Powering the oil and gas industry

The use of a floating wind farm to help power the fossil fuel industry is likely to spark significant debate at a time when discussions about climate change and the environment are at the front and center of many people’s minds.

This is because fossil fuels’ effect on the environment is considerable. The United Nations says that, since the 19th century, “human activities have been the main driver of climate change, primarily due to burning fossil fuels like coal, oil and gas.”

“Burning fossil fuels generates greenhouse gas emissions that act like a blanket wrapped around the Earth, trapping the sun’s heat and raising temperatures,” it adds.

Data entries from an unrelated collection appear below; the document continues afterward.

lemma sum_edges_by_type:
  fixes \<phi> :: "nat \<times> nat \<Rightarrow> 'b::comm_semiring_1"
  assumes G: "simple_graph G" "deg G ` verts G \<subseteq> {1..4}"
  shows "(\<Sum>e\<in>edges G. \<phi> (edge_type G e)) =
    (\<Sum>(i, j)\<in>chemical_edge_types. of_nat (m_deg G i j) * \<phi> (i, j))"
proof -
  have types: "edge_type G ` edges G \<subseteq> chemical_edge_types"
    using edge_type_chemical[OF G] by blast
  have "finite chemical_edge_types" by (simp add: chemical_edge_types_def)
  then have "(\<Sum>e\<in>edges G. \<phi> (edge_type G e)) =
      (\<Sum>t\<in>chemical_edge_types. \<Sum>e\<in>{e \<in> edges G. edge_type G e = t}. \<phi> (edge_type G e))"
    by (rule sum.group[OF simple_graph_finite_edges[OF G(1)] _ types, symmetric])
  also have "\<dots> = (\<Sum>t\<in>chemical_edge_types. of_nat (card {e \<in> edges G. edge_type G e = t}) * \<phi> t)"
    by (intro sum.cong) auto
  also have "\<dots> = (\<Sum>(i, j)\<in>chemical_edge_types. of_nat (m_deg G i j) * \<phi> (i, j))"
    using m_deg_eq_card_edge_type[OF G(1)] by (intro sum.cong) (auto simp: chemical_edge_types_def)
  finally show ?thesis .
qed

lemma card_verts_by_deg:
  assumes G: "simple_graph G" "deg G ` verts G \<subseteq> {1..4}"
  shows "n_deg G 1 + n_deg G 2 + n_deg G 3 + n_deg G 4 = card (verts G)"
proof -
  have "{1..4::nat} = {1, 2, 3, 4}" by (auto; presburger)
  then show ?thesis
    using sum.group[OF simple_graph_finite_verts[OF G(1)] _ G(2), of "\<lambda>_. 1::nat"] by (simp add: n_deg_def)
qed

lemma handshake_deg:
  assumes G: "simple_graph G" "deg G ` verts G \<subseteq> {1..4}"
  shows "i * n_deg G i =
    (\<Sum>(p, q)\<in>chemical_edge_types. m_deg G p q * (of_bool (p = i) + of_bool (q = i)))"
proof -
  have "i * n_deg G i = (\<Sum>v\<in>verts G. deg G v * of_bool (deg G v = i))"
    using simple_graph_finite_verts[OF G(1)] by (simp add: n_deg_def sum.If_cases Int_def)
  also have "\<dots> = (\<Sum>e\<in>edges G. \<Sum>x\<in>e. of_bool (deg G x = i))"
    using sum_deg_eq_sum_edges[OF G(1), of "\<lambda>x. of_bool (deg G x = i) :: nat"] by simp
  also have "\<dots> = (\<Sum>e\<in>edges G. of_bool (fst (edge_type G e) = i) + of_bool (snd (edge_type G e) = i))"
    using sum_edge_deg[OF G(1), of _ "\<lambda>d. of_bool (d = i) :: nat"] by (intro sum.cong refl) simp
  also have "\<dots> = (\<Sum>(p, q)\<in>chemical_edge_types. m_deg G p q * (of_bool (p = i) + of_bool (q = i)))"
    using sum_edges_by_type[OF G, of "\<lambda>t. of_bool (fst t = i) + of_bool (snd t = i) :: nat"] by simp
  finally show ?thesis .
qed

lemma sombor_by_edge_type:
  assumes G: "simple_graph G" "deg G ` verts G \<subseteq> {1..4}"
  shows "sombor G = (\<Sum>(i, j)\<in>chemical_edge_types. m_deg G i j * sqrt ((real i)\<^sup>2 + (real j)\<^sup>2))"
proof -
  have "sombor G = (\<Sum>e\<in>edges G. sqrt ((real (fst (edge_type G e)))\<^sup>2 + (real (snd (edge_type G e)))\<^sup>2))"
    unfolding sombor_def using sum_edge_deg[OF G(1), of _ "\<lambda>d. (real d)\<^sup>2"] by (intro sum.cong refl) simp
  also have "\<dots> = (\<Sum>(i, j)\<in>chemical_edge_types. m_deg G i j * sqrt ((real i)\<^sup>2 + (real j)\<^sup>2))"
    using sum_edges_by_type[OF G, of "\<lambda>t. sqrt ((real (fst t))\<^sup>2 + (real (snd t))\<^sup>2)"] by simp
  finally show ?thesis .
qed

section \<open>Degree counts of chemical trees\<close>

lemma deg_1_edges:
  assumes "deg G x = 1" "e \<in> edges G" "x \<in> e"
  shows "{e' \<in> edges G. x \<in> e'} = {e}"
proof -
  obtain a where a: "{e' \<in> edges G. x \<in> e'} = {a}"
    using assms(1) unfolding deg_def by (rule card_1_singletonE)
  moreover have "e \<in> {e' \<in> edges G. x \<in> e'}" using assms(2,3) by simp
  ultimately show ?thesis by simp
qed

lemma connected_no_11_edge:
  assumes G: "simple_graph G" "connected_graph G" and three: "3 \<le> card (verts G)"
  shows "m_deg G 1 1 = 0"
proof (rule ccontr)
  assume "m_deg G 1 1 \<noteq> 0"
  then have "{e \<in> edges G. \<exists>u v. e = {u, v} \<and> u \<noteq> v \<and> deg G u = 1 \<and> deg G v = 1} \<noteq> {}"
    unfolding m_deg_def by (metis card.empty)
  then obtain u v where uv: "{u, v} \<in> edges G" "u \<noteq> v" "deg G u = 1" "deg G v = 1"
    by blast
  have u: "u \<in> verts G" using simple_graph_edge_subset[OF G(1) uv(1)] by blast
  have closed: "z \<in> {u, v}" if "adj G w z" "w \<in> {u, v}" for w z
  proof -
    have "{e' \<in> edges G. w \<in> e'} = {{u, v}}"
      using that(2) uv by (intro deg_1_edges) auto
    moreover have "{w, z} \<in> {e' \<in> edges G. w \<in> e'}" using that(1) unfolding adj_def by simp
    ultimately show ?thesis by (auto simp: doubleton_eq_iff)
  qed
  have "verts G \<subseteq> {u, v}"
    using connected_graph_closed[OF G(2) u, of _ "\<lambda>w. w \<in> {u, v}"] closed by blast
  then have "card (verts G) \<le> 2"
    using card_mono[of "{u, v}" "verts G"] uv(2) by simp
  with three show False by simp
qed

lemma chemical_tree_counts:
  assumes T: "chemical_tree G" "3 \<le> card (verts G)"
  shows "m_deg G 1 2 + m_deg G 1 3 + m_deg G 1 4 + m_deg G 2 2 + m_deg G 2 3 + m_deg G 2 4 +
      m_deg G 3 3 + m_deg G 3 4 + m_deg G 4 4 + 1 = card (verts G)"
    and "n_deg G 1 + n_deg G 2 + n_deg G 3 + n_deg G 4 = card (verts G)"
    and "n_deg G 1 = m_deg G 1 2 + m_deg G 1 3 + m_deg G 1 4"
    and "2 * n_deg G 2 = m_deg G 1 2 + 2 * m_deg G 2 2 + m_deg G 2 3 + m_deg G 2 4"
    and "3 * n_deg G 3 = m_deg G 1 3 + m_deg G 2 3 + 2 * m_deg G 3 3 + m_deg G 3 4"
    and "4 * n_deg G 4 = m_deg G 1 4 + m_deg G 2 4 + m_deg G 3 4 + 2 * m_deg G 4 4"
proof -
  have tree: "is_tree G" and G: "simple_graph G" "connected_graph G"
    using T(1) unfolding chemical_tree_def is_tree_def by auto
  have range: "deg G ` verts G \<subseteq> {1..4}" using T by (intro chemical_tree_deg_range) auto
  have m11: "m_deg G 1 1 = 0" using connected_no_11_edge[OF G T(2)] .
  note handshake = handshake_deg[OF G(1) range]
  have "card (edges G) = (\<Sum>e\<in>edges G. 1::nat)" by simp
  then show "m_deg G 1 2 + m_deg G 1 3 + m_deg G 1 4 + m_deg G 2 2 + m_deg G 2 3 + m_deg G 2 4 +
      m_deg G 3 3 + m_deg G 3 4 + m_deg G 4 4 + 1 = card (verts G)"
    using sum_edges_by_type[OF G(1) range, of "\<lambda>_. 1::nat"] tree_card_edges[OF tree] m11
    by (simp add: chemical_edge_types_def)
  show "n_deg G 1 + n_deg G 2 + n_deg G 3 + n_deg G 4 = card (verts G)"
    using card_verts_by_deg[OF G(1) range] .
  show "n_deg G 1 = m_deg G 1 2 + m_deg G 1 3 + m_deg G 1 4"
    using handshake[of 1] m11 by (simp add: chemical_edge_types_def)
  show "2 * n_deg G 2 = m_deg G 1 2 + 2 * m_deg G 2 2 + m_deg G 2 3 + m_deg G 2 4"
    using handshake[of 2] by (simp add: chemical_edge_types_def)
  show "3 * n_deg G 3 = m_deg G 1 3 + m_deg G 2 3 + 2 * m_deg G 3 3 + m_deg G 3 4"
    using handshake[of 3] by (simp add: chemical_edge_types_def)
  show "4 * n_deg G 4 = m_deg G 1 4 + m_deg G 2 4 + m_deg G 3 4 + 2 * m_deg G 4 4"
    using handshake[of 4] by (simp add: chemical_edge_types_def)
qed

The stakes are high. Speaking at the COP27 climate change summit in Sharm el-Sheikh, Egypt, last year, the U.N. Secretary General issued a stark warning to attendees.

“We are in the fight of our lives, and we are losing,” Antonio Guterres said.

“Greenhouse gas emissions keep growing, global temperatures keep rising, and our planet is fast approaching tipping points that will make climate chaos irreversible.”